What is required: In the records below, find the line that contains "z) + e z \<in>" and the line that contains "G act (mixed_span". Set down exactly those lines and every line between them, and nothing more.

[Extracted records]
"""

lemma ex_admissible_covering:
  "\<exists>R Y. admissible R Y \<and> X \<union> (\<Union>s\<in>S. act s ` Y) \<subseteq> mixed_span R Y + N0"
proof -
  have bounded: "card Y < card (add_cosets N0) + 1" if "admissible R Y" for R Y
  proof -
    have "card Y < 2 ^ card Y"
      by (rule less_exp)
    also have "\<dots> \<le> card (add_cosets N0)"
      using that card_cosets_in_le unfolding admissible_def by (meson order_trans)
    finally show ?thesis
      by simp
  qed
  have "\<exists>p. admissible (fst p) (snd p) \<and>
      (\<forall>q. admissible (fst q) (snd q) \<longrightarrow> card (snd q) \<le> card (snd p))"
    by (rule ex_has_greatest_nat[where k = "({}, {})" and b = "card (add_cosets N0) + 1"])
      (use admissible_empty bounded in auto)
  then obtain R Y where adm: "admissible R Y"
    and maximal: "\<And>R' Y'. admissible R' Y' \<Longrightarrow> card Y' \<le> card Y"
    by (metis fst_conv snd_conv)
  have "z \<in> mixed_span R Y + N0" if "z \<in> X \<union> (\<Union>s\<in>S. act s ` Y)" for z
  proof (rule ccontr)
    assume z: "z \<notin> mixed_span R Y + N0"
    then obtain a where "admissible (insert a R) (insert z Y)"
      using admissible_insert[OF adm] by blast
    moreover have "z \<notin> Y" "finite Y"
      using z subset_mixed_span mixed_span_subset_plus_N0 adm unfolding admissible_def by blast+
    ultimately show False
      using maximal[of "insert a R" "insert z Y"] by simp
  qed
  then show ?thesis
    using adm by blast
qed

lemma ex_extension_covering:
  assumes R: "R \<subseteq> N0" "mixed_span R Y \<inter> N0 \<subseteq> ZG_span G act R"
    and Z: "finite Z" "Z \<subseteq> mixed_span R Y + N0"
  shows "\<exists>A. finite A \<and> card A \<le> card Z \<and> A \<subseteq> N0 \<and> Z \<subseteq> mixed_span (R \<union> A) Y \<and>
    mixed_span (R \<union> A) Y \<inter> N0 \<subseteq> ZG_span G act (R \<union> A)"
proof -
  have "\<forall>z\<in>Z. \<exists>e. e \<in> N0 \<and> z - e \<in> mixed_span R Y"
    using Z(2) by (force elim: set_plus_elim)
  then obtain e where e: "\<And>z. z \<in> Z \<Longrightarrow> e z \<in> N0 \<and> z - e z \<in> mixed_span R Y"
    by metis
  define A where "A = e ` Z"
  have A: "A \<subseteq> N0"
    unfolding A_def using e by blast
  have "z \<in> mixed_span (R \<union> A) Y" if "z \<in> Z" for z
  proof -
    have "z - e z \<in> mixed_span (R \<union> A) Y"
      using e[OF that] mixed_span_mono[of R "R \<union> A" Y Y] by blast
    moreover have "e z \<in> mixed_span (R \<union> A) Y"
      using that ZG_span_subset_mixed_span[of "R \<union> A" Y] ZG_span_superset[of "R \<union> A" G act]
      unfolding A_def by blast
    ultimately have "(z - e z) + e z \<in> mixed_span (R \<union> A) Y"
      by (rule add_subgroup_add[OF add_subgroup_mixed_span])
    then show ?thesis
      by simp
  qed
  moreover have "mixed_span (R \<union> A) Y \<inter> N0 \<subseteq> ZG_span G act (R \<union> A)"
    by (rule mixed_span_Int_N0_mono[OF _ _ R(2)]) (use R(1) A in auto)
  moreover have "finite A" "card A \<le> card Z"
    unfolding A_def using Z(1) by (simp_all add: card_image_le)
  ultimately show ?thesis
    using A by blast
qed

lemma ZG_span_eq_N0_if_covering:
  assumes S: "S \<subseteq> carrier G" "generate G S = carrier G"
    and X: "ZG_span G act X = UNIV"
    and R: "R \<subseteq> N0" "mixed_span R Y \<inter> N0 \<subseteq> ZG_span G act R"
    and cover: "X \<union> (\<Union>s\<in>S. act s ` Y) \<subseteq> mixed_span R Y"
  shows "ZG_span G act R = N0"
proof -
  have "act s ` mixed_span R Y \<subseteq> mixed_span R Y" if s: "s \<in> S" for s
  proof -
    have "act s ` mixed_span R Y \<subseteq> int_span (act s ` (ZG_span G act R \<union> Y))"
      unfolding mixed_span_def by (rule ZG_module_act_int_span[OF module]) (use S(1) s in blast)
    also have "\<dots> \<subseteq> mixed_span R Y"
    proof (rule int_span_least[OF add_subgroup_mixed_span])
      have "act s ` ZG_span G act R \<subseteq> ZG_span G act R"
        using ZG_submodule_act[OF ZG_submodule_ZG_span[of G act R]] S(1) s by blast
      then show "act s ` (ZG_span G act R \<union> Y) \<subseteq> mixed_span R Y"
        using ZG_span_subset_mixed_span[of R Y] cover s by blast
    qed
    finally show ?thesis .
  qed
  then have "ZG_submodule G act (mixed_span R Y)"
    using ZG_submodule_if_generators_preserve[OF S add_subgroup_mixed_span _
        ZG_submodule_ZG_span ZG_span_subset_mixed_span R(2)]
    by blast
  then have "ZG_span G act X \<subseteq> mixed_span R Y"
    by (rule ZG_span_least) (use cover in blast)
  then have "N0 \<subseteq> ZG_span G act R"
    using X R(2) by blast
  then show ?thesis
    using ZG_span_subset_N0[OF R(1)] by blast
qed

"""

The answer:
    ultimately have "(z - e z) + e z \<in> mixed_span (R \<union> A) Y"
      by (rule add_subgroup_add[OF add_subgroup_mixed_span])
    then show ?thesis
      by simp
  qed
  moreover have "mixed_span (R \<union> A) Y \<inter> N0 \<subseteq> ZG_span G act (R \<union> A)"
    by (rule mixed_span_Int_N0_mono[OF _ _ R(2)]) (use R(1) A in auto)
  moreover have "finite A" "card A \<le> card Z"
    unfolding A_def using Z(1) by (simp_all add: card_image_le)
  ultimately show ?thesis
    using A by blast
qed

lemma ZG_span_eq_N0_if_covering:
  assumes S: "S \<subseteq> carrier G" "generate G S = carrier G"
    and X: "ZG_span G act X = UNIV"
    and R: "R \<subseteq> N0" "mixed_span R Y \<inter> N0 \<subseteq> ZG_span G act R"
    and cover: "X \<union> (\<Union>s\<in>S. act s ` Y) \<subseteq> mixed_span R Y"
  shows "ZG_span G act R = N0"
proof -
  have "act s ` mixed_span R Y \<subseteq> mixed_span R Y" if s: "s \<in> S" for s
  proof -
    have "act s ` mixed_span R Y \<subseteq> int_span (act s ` (ZG_span G act R \<union> Y))"
      unfolding mixed_span_def by (rule ZG_module_act_int_span[OF module]) (use S(1) s in blast)
    also have "\<dots> \<subseteq> mixed_span R Y"
    proof (rule int_span_least[OF add_subgroup_mixed_span])
      have "act s ` ZG_span G act R \<subseteq> ZG_span G act R"
        using ZG_submodule_act[OF ZG_submodule_ZG_span[of G act R]] S(1) s by blast
      then show "act s ` (ZG_span G act R \<union> Y) \<subseteq> mixed_span R Y"
        using ZG_span_subset_mixed_span[of R Y] cover s by blast
    qed
    finally show ?thesis .
  qed
  then have "ZG_submodule G act (mixed_span R Y)"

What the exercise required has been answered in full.